Coexpression Analysis

For proteins that were part of complexes, the coexpression level with other components of the complexes were retrieved from the coexpression database COXPRESdb (23) (human: Hsa.v13–01.G20280-S73083). The coexpression values reflected the correlation of expression between components in each complex and were plotted for each component of a complex, as defined in complex analysis of each of the four clusters.

Lifespan Analysis

Adult male flies were collected on the day of eclosion, and 20 flies per vial were maintained at 25 °C with 60% humidity and a 12-hour light/12-hour dark cycle. Flies were transferred to new vials on alternate days and scored for survival.

RESULTS

Profiling the Static Abundance of Proteome with Age

To study how protein abundance changes with age, we employed 10-plex TMT reagents to quantify the proteomes of wild-type (WT) Drosophila tissues from day 5 (5 d), day 30 (30 d), and day 60 (60 d) of age. We examined head and muscle tissues, which are primarily non-dividing somatic tissues, and testis tissue, which consists of mitotically-active germline cells (Fig. 1A). In total, we identified 4104, 2367, and 4251 proteins in the head, muscle and testis respectively, among which 3877, 2218, and 4008 proteins were quantitatively profiled at all age points and therefore used for the subsequent analysis (supplemental Table S1–S3). The assessment of quantification quality indicated a significant correlation between independent biological replicates (supplemental Fig. S1A–S1C). The median coefficients of variation (CVs) between replicates were 10.6%, 12.5%, and 10.4% for the head, muscle and testis, respectively (supplemental Fig. S1D–S1F).

Fig. 1.

Fig. 1.

Tissue-specific quantitative proteomic analysis of aging in WT Drosophila. A, Experimental scheme of quantitative aging proteome analysis. Three tissues including the post-mitotic head and muscle tissues, and the mitotic testis, were harvested at three different age time points. A tandem mass tag (TMT)-based quantitative method was employed. For each analysis, nine samples derived from three aging time points with three biological replicates for each tissue were labeled with different TMT reagents, mixed, and analyzed by the shotgun method. B, Volcano plots of tissue-specific quantitative aging proteomes between 5d and 60d. The numbers of significantly regulated proteins were indicated on the plots. C, Venn plot of proteins with significantly changed abundance (p value < 0.05) of three tissues. D, Pathway analysis for proteins with significantly changed abundance. The enriched pathways were shown for either tissue-specific proteins or proteins present in more than one tissues.

Comparison of the protein abundances between 5 d and 60 d revealed that 431,229 and 2005 proteins were differentially expressed (p value < 0.05) with age in the head, muscle, and testis, respectively (Fig. 1B, supplemental Fig.
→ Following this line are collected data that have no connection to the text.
text \<open>Since the tilde transform fixes \<open>Po(\<lambda> + t)\<close>, \<open>ln (P\<^sub>t / P~\<^sub>t)\<close> is a difference of
  consecutive log-ratios.\<close>

lemma D_tilde_term_eq:
  assumes t: "0 < t"
  shows "D_tilde_term t r = D_Po_term t r - Pt t r * log_ratio t (Suc r)"
proof (cases "supp_min \<le> r")
  case True
  have Pt: "0 < Pt t r" "0 < Pt t (Suc r)"
    using Pt_pos[OF t] True by auto
  have Qt: "0 < Qt t r" "0 < Qt t (Suc r)"
    using Qt_pos t by auto
  have s: "0 < lam + t"
    using t lam_pos by simp
  have "Pt_tilde t r * Qt t (Suc r) = Pt t (Suc r) * (real (Suc r) * Qt t (Suc r)) / (lam + t)"
    by (simp add: Pt_tilde_def)
  also have "\<dots> = Pt t (Suc r) * Qt t r"
    using t s by (simp only: Qt_Suc) simp
  finally have "Pt_tilde t r = Pt t (Suc r) * Qt t r / Qt t (Suc r)"
    using Qt by (simp add: eq_divide_eq)
  then have "ln (Pt t r / Pt_tilde t r) = log_ratio t r - log_ratio t (Suc r)"
    using Pt Qt by (simp add: log_ratio_def ln_div ln_mult)
  then show ?thesis
    by (simp add: D_tilde_term_def D_Po_term_def right_diff_distrib)
qed (simp add: D_tilde_term_def D_Po_term_def Pt_eq_0)

section \<open>Domination of the series\<close>

text \<open>For \<open>t \<le> T\<close> the weights \<open>P\<^sub>t(r)\<close> and \<open>P\<^sub>t(r - 1)\<close> are dominated by shifted exponential
  series in \<open>T\<close>; the factor \<open>4\<^sup>r\<close> absorbs the quadratic growth in \<open>r\<close> of the log-ratios.\<close>

definition Pt_majorant :: "real \<Rightarrow> nat \<Rightarrow> real" where
  "Pt_majorant T r = (\<Sum>k\<le>n. shift_seq k (\<lambda>j. T ^ j / fact j) r)"

definition dominant :: "real \<Rightarrow> nat \<Rightarrow> real" where
  "dominant T r = 4 ^ r * (Pt_majorant T r + shift_seq 1 (Pt_majorant T) r)"

lemma Pt_majorant_nonneg: "0 \<le> T \<Longrightarrow> 0 \<le> Pt_majorant T r"
  unfolding Pt_majorant_def by (intro sum_nonneg) (auto simp: shift_seq_def)

lemma dominant_nonneg: "0 \<le> T \<Longrightarrow> 0 \<le> dominant T r"
  by (simp add: dominant_def shift_seq_def Pt_majorant_nonneg)

lemma Pt_le_majorant:
  assumes "0 \<le> t" "t \<le> T"
  shows "Pt t r \<le> Pt_majorant T r"
  unfolding Pt_def Pt_majorant_def
proof (intro sum_mono)
  fix k
  have "pmf P k * shift_seq k (poisson_weight t) r \<le> 1 * shift_seq k (\<lambda>j. T ^ j / fact j) r"
    using assms by (intro mult_mono pmf_le_1) (auto simp: shift_seq_def poisson_weight_le poisson_weight_nonneg)
  then show "pmf P k * shift_seq k (poisson_weight t) r \<le> shift_seq k (\<lambda>j. T ^ j / fact j) r"
    by simp
qed

lemma four_power_Pt_le_dominant:
  "0 \<le> t \<Longrightarrow> t \<le> T \<Longrightarrow> 4 ^ r * Pt t r \<le> dominant T r"
  using Pt_le_majorant[of t T r] Pt_majorant_nonneg[of T "r - 1"]
  by (simp add: dominant_def shift_seq_def)

lemma four_power_shift_Pt_le_dominant:
  "0 \<le> t \<Longrightarrow> t \<le> T \<Longrightarrow> 4 ^ r * shift_seq 1 (Pt t) r \<le> dominant T r"
  using Pt_le_majorant[of t T "r - 1"] Pt_majorant_nonneg[of T r]
  by (simp add: dominant_def shift_seq_def)

lemma summable_four_power_majorant: "summable (\<lambda>r. 4 ^ r * Pt_majorant T r)"
proof -
  have "4 ^ r * Pt_majorant T r =
      (\<Sum>k\<le>n. shift_seq k (\<lambda>j. 4 ^ k * (inverse (fact j) * (4 * T) ^ j)) r)" for r
    unfolding Pt_majorant_def sum_distrib_left
  proof (intro sum.cong refl)
    fix k
    show "4 ^ r * shift_seq k (\<lambda>j. T ^ j / fact j) r =
        shift_seq k (\<lambda>j. 4 ^ k * (inverse (fact j) * (4 * T) ^ j)) r"
    proof (cases "k \<le> r")
      case True
      then have "(4::real) ^ r = 4 ^ k * 4 ^ (r - k)"
        by (simp add: power_add[symmetric])
      then show ?thesis
        using True by (simp add: shift_seq_def power_mult_distrib divide_inverse)
    qed (simp add: shift_seq_def)
  qed
  then show ?thesis
    by (simp only:) (intro summable_sum summable_shift_seq summable_mult summable_exp)
qed

lemma summable_dominant: "summable (dominant T)"
proof -
  have "(\<lambda>r. 4 ^ r * shift_seq 1 (Pt_majorant T) r) = shift_seq 1 (\<lambda>r. 4 * (4 ^ r * Pt_majorant T r))"
    by (auto simp: fun_eq_iff shift_seq_def power_eq_if)
  then have "summable (\<lambda>r. 4 ^ r * shift_seq 1 (Pt_majorant T) r)"
    by (simp only:) (intro summable_shift_seq summable_mult summable_four_power_majorant)
  then show ?thesis
    unfolding dominant_def[abs_def] distrib_left
    by (intro summable_add summable_four_power_majorant)
qed

lemma summable_abs_if_dominated:
  "(\<And>r. \<bar>f r\<bar> \<le> C * dominant T r) \<Longrightarrow> summable (\<lambda>r. \<bar>f r\<bar>)"
  by (rule summable_comparison_test[where g = "\<lambda>r. C * dominant T r"])
     (auto intro: summable_mult summable_dominant)

lemma summable_if_dominated:
  "(\<And>r. \<bar>f r\<bar> \<le> C * dominant T r) \<Longrightarrow> summable f"
  using summable_abs_if_dominated summable_rabs_cancel by blast

lemma abs_ln_Pt_le:
  assumes "0 < t" "supp_min \<le> r"
  shows "\<bar>ln (Pt t r)\<bar> \<le> \<bar>ln (pmf P supp_min)\<bar> + t + real r * \<bar>ln t\<bar> + real r * real r"
proof -
  define j where "j = r - supp_min"
  have w: "0 < poisson_weight t j"
    using assms poisson_weight_pos by simp
  have "ln (pmf P supp_min * poisson_weight t j) \<le> ln (Pt t r)"
    using Pt_lower[of t r] assms pmf_supp_min_pos w Pt_pos unfolding j_def
    by (subst ln_le_cancel_iff) auto
  moreover have "ln (pmf P supp_min * poisson_weight t j) = ln (pmf P supp_min) + ln (poisson_weight t j)"
    using pmf_supp_min_pos w by (simp add: ln_mult)
  moreover have "\<bar>ln (poisson_weight t j)\<bar> \<le> t + real j * \<bar>ln t\<bar> + real j * real j"
    using assms by (intro abs_ln_poisson_weight_le) auto
  moreover have "real j * \<bar>ln t\<bar> + real j * real j \<le> real r * \<bar>ln t\<bar> + real r * real r"
    unfolding j_def by (intro add_mono mult_mono) auto
  moreover have "ln (Pt t r) \<le> 0"
    using Pt_pos[OF assms] Pt_le_1[of t r] assms by simp
  ultimately show ?thesis
    by linarith
qed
S2). Remarkably, more than half of the total proteins showed significant change in abundance during aging (p value < 0.05) in testis that contain mitotically-active cells, A further stringent filtering with fold-change no less than 2 (p value < 0.05, and fc ≥ 2) resulted in 36, 72, 744 proteins with altered levels in head, muscle, and testis, respectively. In addition to tissue-specific changes, we noted that 224 proteins exhibited altered abundance in more than one tissue (Fig. 1C). Interestingly, these commonly changed proteins were functionally linked to proteostasis such as the protein synthesis-related “EIF2 signaling,” protein degradation-related “protein ubiquitination pathway” (Fig. 1D), implicating common events that are associated with the progression of aging.

Pathway Analysis of Aging Proteomes

To characterize the aging proteome in detail, we first sorted proteins into five clusters according to their age-related patterns using the fuzzy c-means method (Fig. 2A). Notably, most proteins in head and muscle displayed minor changes or even unaltered levels with age. In contrast, up to ∼23% of testicular proteins showed substantial changes in protein levels (cluster 1 and cluster 5). We next used ingenuity pathway analysis (IPA) for functional annotation (Fig. 2B). In the head, proteins in “tetrahydrobiopterin biosynthesis” (p value = 1.24e-2), which plays important roles in the biosynthesis of dopamine and serotonin, two major monoamine neurotransmitters, were significantly decreased. Proteins that increased rapidly with age were linked to the metabolism of amino acids, such as the degradation of valine and isoleucine (Fig. 2B), two branched-chain amino acids (BCAAs) (24, 25). Additional enriched functional categories included the proteostasis-related “EIF2 signaling,” “protein ubiquitination pathway,” and “mTOR signaling” (Fig. 2B). On the other hand, proteins functionally related to “mitochondrial dysfunction,” and “oxidative phosphorylation” were mainly enriched in the clusters that had increased or unchanged abundance.

Fig. 2.

Fig. 2.

Tissue-specific functional analysis of aging in WT Drosophila. A, Clustering of proteins using the fuzzy c-means method according to their abundance changes during the aging process. The proteins localized in the middle cluster were generally stable. In contrast, the proteins in cluster 1 and cluster 5 changed dramatically with age, whereas proteins in cluster 2 and cluster 4 changed mildly. B, Pathway analysis for proteins in different clusters. Many tissue-specific and common pathways were identified for proteins in different clusters.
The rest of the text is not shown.